Doch so weit entfernt ist die „Zukunft“ und das „Internet of things“ gar nicht mehr. Schon jetzt nehmen die smarten Technologien immer mehr Raum in unserem Leben ein – ein Großteil der Bevölkerung besitzt bereits ein Smartphone. Ok, dies ist mittlerweile zur Selbstverständlichkeit geworden und für uns nichts Besonderes mehr.
In vielen Haushalten heißt aktuell das jüngste Familienmitglied „Alexa“ - diese kann sich nicht nur unsere Musikvorlieben merken und uns somit den Morgen versüßen – sie schaltet auf Zuruf auch andere Geräte ein oder aus. Zu Zeiten des „Quantified Self“ bzw. des „Self Trackings“ wird in einigen Haushalten bereits beim Betreten des Badezimmers – nach dem Gang auf die Waage – die Beschaffenheit des eigenen Körpers in eine App hochgeladen und mit den über einen Fitnesstracker gewonnenen Daten abgeglichen. Hierzu wird beispielsweise der Schlaf, die Herzfrequenz und zukünftig sogar der Sauerstoffgehalt im Blut überwacht. Werden uns entsprechende Technologien in einigen Jahren auf unseren Gesundheitszustand hinweisen und beim Einkauf anleiten oder zu individuell passenden sportlichen Aktivitäten auffordern? Dieser Gedanke liegt gar nicht so fern.
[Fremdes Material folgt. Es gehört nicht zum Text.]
lemma cyclic_order_return_time_ge:
  assumes co: "cyclic_order n f" and e: "e < n" and ret: "(f ^^ d) e = e" and "0 < d"
  shows "n \<le> d"
proof -
  have "{..<n} \<subseteq> (\<lambda>i. (f ^^ i) e) ` {..<d}"
  proof
    fix e' assume "e' \<in> {..<n}"
    then obtain i where "(f ^^ i) e = e'"
      using co e unfolding cyclic_order_def by auto
    then have "(f ^^ (i mod d)) e = e'"
      using funpow_mod_eq[OF ret] by simp
    then show "e' \<in> (\<lambda>i. (f ^^ i) e) ` {..<d}"
      using \<open>0 < d\<close> by auto
  qed
  then have "card {..<n} \<le> card ((\<lambda>i. (f ^^ i) e) ` {..<d})"
    by (intro card_mono) auto
  also have "\<dots> \<le> d"
    using card_image_le[of "{..<d}"] by simp
  finally show ?thesis by simp
qed

lemma cyclic_order_funpow_gap:
  assumes co: "cyclic_order n f" and e: "e < n" and "i < j" and eq: "(f ^^ i) e = (f ^^ j) e"
  shows "n \<le> j - i"
proof (rule cyclic_order_return_time_ge[OF co cyclic_order_funpow_less[OF co e]])
  have "(f ^^ (j - i)) ((f ^^ i) e) = (f ^^ (j - i + i)) e"
    by (simp add: funpow_add)
  also have "\<dots> = (f ^^ i) e"
    using \<open>i < j\<close> eq by simp
  finally show "(f ^^ (j - i)) ((f ^^ i) e) = (f ^^ i) e" .
qed (use \<open>i < j\<close> in simp)

lemma cyclic_order_funpow_inj_on:
  assumes "cyclic_order n f" and "e < n"
  shows "inj_on (\<lambda>i. (f ^^ i) e) {..<n}"
proof (rule inj_onI)
  fix i j assume "i \<in> {..<n}" "j \<in> {..<n}" "(f ^^ i) e = (f ^^ j) e"
  then show "i = j"
    using cyclic_order_funpow_gap[OF assms, of i j] cyclic_order_funpow_gap[OF assms, of j i]
    by (cases i j rule: linorder_cases) auto
qed

lemma cyclic_order_funpow_period:
  assumes co: "cyclic_order n f" and e: "e < n"
  shows "(f ^^ n) e = e"
proof -
  have "\<not> inj_on (\<lambda>i. (f ^^ i) e) {..n}"
  proof
    assume "inj_on (\<lambda>i. (f ^^ i) e) {..n}"
    then have "card {..n} \<le> card {..<n}"
      by (rule card_inj_on_le) (auto intro: cyclic_order_funpow_less[OF co e])
    then show False by simp
  qed
  then obtain i j where ij: "i < j" "j \<le> n" and eq: "(f ^^ i) e = (f ^^ j) e"
    unfolding inj_on_def by (metis atMost_iff linorder_neqE_nat)
  then have "n \<le> j - i"
    by (intro cyclic_order_funpow_gap[OF co e])
  then have "i = 0" "j = n"
    using ij by auto
  then show ?thesis
    using eq by simp
qed

lemma cyclic_order_funpow_mod:
  assumes "cyclic_order n f" and "e < n"
  shows "(f ^^ (m mod n)) e = (f ^^ m) e"
  using funpow_mod_eq cyclic_order_funpow_period[OF assms] by metis

lemma cyclic_order_funpow_image:
  assumes co: "cyclic_order n f" and e: "e < n"
  shows "(\<lambda>i. (f ^^ i) e) ` {..<n} = {..<n}"
proof
  show "(\<lambda>i. (f ^^ i) e) ` {..<n} \<subseteq> {..<n}"
    using cyclic_order_funpow_less[OF co e] by auto
  show "{..<n} \<subseteq> (\<lambda>i. (f ^^ i) e) ` {..<n}"
  proof
    fix e' assume "e' \<in> {..<n}"
    then obtain i where "(f ^^ i) e = e'"
      using co e unfolding cyclic_order_def by auto
    moreover have "i mod n < n"
      using e by simp
    ultimately show "e' \<in> (\<lambda>i. (f ^^ i) e) ` {..<n}"
      using cyclic_order_funpow_mod[OF co e, of i] by (metis image_eqI lessThan_iff)
  qed
qed

lemma cyclic_order_funpow_int_mod:
  assumes "cyclic_order n f" and "e < n"
  shows "(f ^^ nat (int m mod int n)) e = (f ^^ m) e"
  using cyclic_order_funpow_mod[OF assms] by (simp flip: of_nat_mod)

lemma ribbon2_cyclic_order: "ribbon2 n \<rho> \<Longrightarrow> cyclic_order n (\<rho> x)"
  unfolding ribbon2_def by auto

lemma ribbon2_less:
  assumes "ribbon2 n \<rho>" and "e < n"
  shows "\<rho> x e < n"
  using cyclic_order_funpow_less[OF ribbon2_cyclic_order[OF assms(1), of x] assms(2), of 1] by simp

subsection \<open>Linear equivalence on two vertices\<close>

lemma deg_eq: "deg D = D u + D (other u)"
  by (cases u) (simp_all add: deg_def)

lemma lin_equiv_iff:
  "lin_equiv n D D' \<longleftrightarrow> deg D' = deg D \<and> D' u mod int n = D u mod int n"
proof
  assume "lin_equiv n D D'"
  then obtain a where a: "\<And>x. D' x = D x - a x * int n + a (other x) * int n"
    unfolding lin_equiv_def by blast
  have "D' u = D u + (a (other u) - a u) * int n"
    using a[of u] by (simp add: algebra_simps)
  moreover have "deg D' = deg D"
    using a[of Vv] a[of Vw] unfolding deg_def by simp
  ultimately show "deg D' = deg D \<and> D' u mod int n = D u mod int n"
    by simp
next
  assume "deg D' = deg D \<and> D' u mod int n = D u mod int n"
  then have deg: "D' u + D' (other u) = D u + D (other u)" and "int n dvd D' u - D u"
    by (simp_all add: deg_eq[of _ u] mod_eq_dvd_iff)
  then obtain t where t: "D' u = D u + t * int n"
    by (metis dvdE mult.commute diff_eq_eq add.commute)
  have firing: "D' x = D x - (if x = u then - t else 0) * int n + (if other x = u then - t else 0) * int n"
    for x using vtx_eq_or_other[of x u] deg t by auto
  show "lin_equiv n D D'"
    unfolding lin_equiv_def by (rule exI[of _ "\<lambda>x. if x = u then - t else 0"]) (use firing in blast)
qed

subsection \<open>Rotor routing\<close>

lemma rotor_loop:
  assumes "x \<noteq> u" and "C x = int m"
  shows "snd (while (\<lambda>(C, r). C x > 0)
                    (\<lambda>(C, r). (let r' = \<rho> x r in (C(x := C x - 1, u := C u + 1), r')))
                    (C, r)) = (\<rho> x ^^ m) r"
  using assms(2)
proof (induction m arbitrary: C r)
  case 0
  then show ?case by (simp add: while_unfold)
next
  case (Suc m)
  let ?b = "\<lambda>(C, r). C x > 0"
  let ?c = "\<lambda>(C, r). (let r' = \<rho> x r in (C(x := C x - 1, u := C u + 1), r'))"
  let ?C = "C(x := C x - 1, u := C u + 1)"
  have "while ?b ?c (C, r) = while ?b ?c (?C, \<rho> x r)"
    using Suc.prems by (subst while_unfold) simp
  also have "snd \<dots> = (\<rho> x ^^ m) (\<rho> x r)"
    by (rule Suc.IH) (use Suc.prems assms(1) in simp)
  also have "\<dots> = (\<rho> x ^^ Suc m) r"
    by (simp add: funpow_swap1)
  finally show ?case .
qed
So, wie es aussieht, dürfte das Leben in 50 Jahren für die Menschheit also sehr automatisiert, komfortabel und zudem noch ressourcenschonend werden. Mehr Sicherheit, mehr Zeit, mehr Gesundheit, weniger Energiekosten und somit mehr Geld – Grundsätzlich kein so unangenehmer Gedanke. Ist es wirklich so einfach?
Durch die Nutzung entsprechender Technologien werden von den Nutzern immer mehr Daten erfasst, welche in der Summe sozusagen zu einer digitalen Identität der entsprechenden Personen werden. Gerade weil die Wahrscheinlichkeit, dass das Vertrauen in und die Abhängigkeit von entsprechenden Diensten immer größer wird, ist es umso wichtiger, unsere „Digitale Version“ genau wie unser analoges Leben entsprechend zu schützen und darauf zu achten, wohin welche Daten gelangen und an wen diese übermittelt werden.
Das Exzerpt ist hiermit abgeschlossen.